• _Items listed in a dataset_
====================

(* Let $G$ be a graph on $[n]$ such that every $3$-subset of $[n]$ contains an edge of $G$. Then $E(G)$ dominates $B(n)$, where $B(n)=\{\{a,b\}: 1\le a<b\le n,\ a+b\le n\}$.
   Context: Let $X=(x_{ij})_{1\le i,j\le n}$ be a matrix of $n^2$ independent indeterminates over $\mathbb{Q}$, and for $1\le k\le n$ let $C_k(X)=(c_{S,T})$ be its $k$-th compound matrix: rows and columns are indexed by $k$-subsets $S,T$ of $[n]$, and $c_{S,T}=\det(x_{ij})_{i\in S,j\in T}$, computed in the field $\mathbb{Q}(x_{ij})$. For two families $F_1,F_2$ of $k$-subsets of $[n]$, $F_1$ dominates $F_2$ if the submatrix of $C_k(X)$ with rows indexed by $F_2$ and columns indexed by $F_1$ has rank $|F_2|$. A graph is identified with its set of edges, a family of $2$-subsets. *)

theory Defs
  imports "HOL-Library.Poly_Mapping" "HOL-Library.Product_Lexorder" "HOL-Computational_Algebra.Fraction_Field"
    "Jordan_Normal_Form.DL_Rank"
begin

text \<open>Polynomials over Q in the indeterminates x_ij (indexed by pairs (i,j)),
  and the field Q(x_ij) as their fraction field.\<close>
type_synonym mpoly = "((nat \<times> nat) \<Rightarrow>\<^sub>0 nat) \<Rightarrow>\<^sub>0 rat"
type_synonym ratfun = "mpoly fract"

definition var :: "nat \<Rightarrow> nat \<Rightarrow> ratfun" where
  "var i j = Fract (Poly_Mapping.single (Poly_Mapping.single (i, j) 1) 1) 1"

text \<open>Entry c_{S,T} of the compound matrix: the minor of X with rows S and columns T.\<close>
definition minor :: "nat set \<Rightarrow> nat set \<Rightarrow> ratfun" where
  "minor S T = det (mat (card S) (card S)
     (\<lambda>(a, b). var (sorted_list_of_set S ! a) (sorted_list_of_set T ! b)))"

text \<open>An arbitrary enumeration of a finite family (rank does not depend on it).\<close>
definition enum_fam :: "'a set \<Rightarrow> 'a list" where
  "enum_fam F = (SOME xs. set xs = F \<and> distinct xs)"

definition compound_submat :: "nat set set \<Rightarrow> nat set set \<Rightarrow> ratfun mat" where
  "compound_submat F2 F1 = mat (card F2) (card F1)
     (\<lambda>(a, b). minor (enum_fam F2 ! a) (enum_fam F1 ! b))"

definition dominates :: "nat set set \<Rightarrow> nat set set \<Rightarrow> bool" where
  "dominates F1 F2 =
     (vec_space.rank (card F2) (compound_submat F2 F1) = card F2)"

definition B :: "nat \<Rightarrow> nat set set" where
  "B n = {{a, b} | a b. 1 \<le> a \<and> a < b \<and> b \<le> n \<and> a + b \<le> n}"

end

theory Submission
  imports Defs
begin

====================

Copy each line of the data that includes the word "columns".

   Context: Let $X=(x_{ij})_{1\le i,j\le n}$ be a matrix of $n^2$ independent indeterminates over $\mathbb{Q}$, and for $1\le k\le n$ let $C_k(X)=(c_{S,T})$ be its $k$-th compound matrix: rows and columns are indexed by $k$-subsets $S,T$ of $[n]$, and $c_{S,T}=\det(x_{ij})_{i\in S,j\in T}$, computed in the field $\mathbb{Q}(x_{ij})$. For two families $F_1,F_2$ of $k$-subsets of $[n]$, $F_1$ dominates $F_2$ if the submatrix of $C_k(X)$ with rows indexed by $F_2$ and columns indexed by $F_1$ has rank $|F_2|$. A graph is identified with its set of edges, a family of $2$-subsets. *)
text \<open>Entry c_{S,T} of the compound matrix: the minor of X with rows S and columns T.\<close>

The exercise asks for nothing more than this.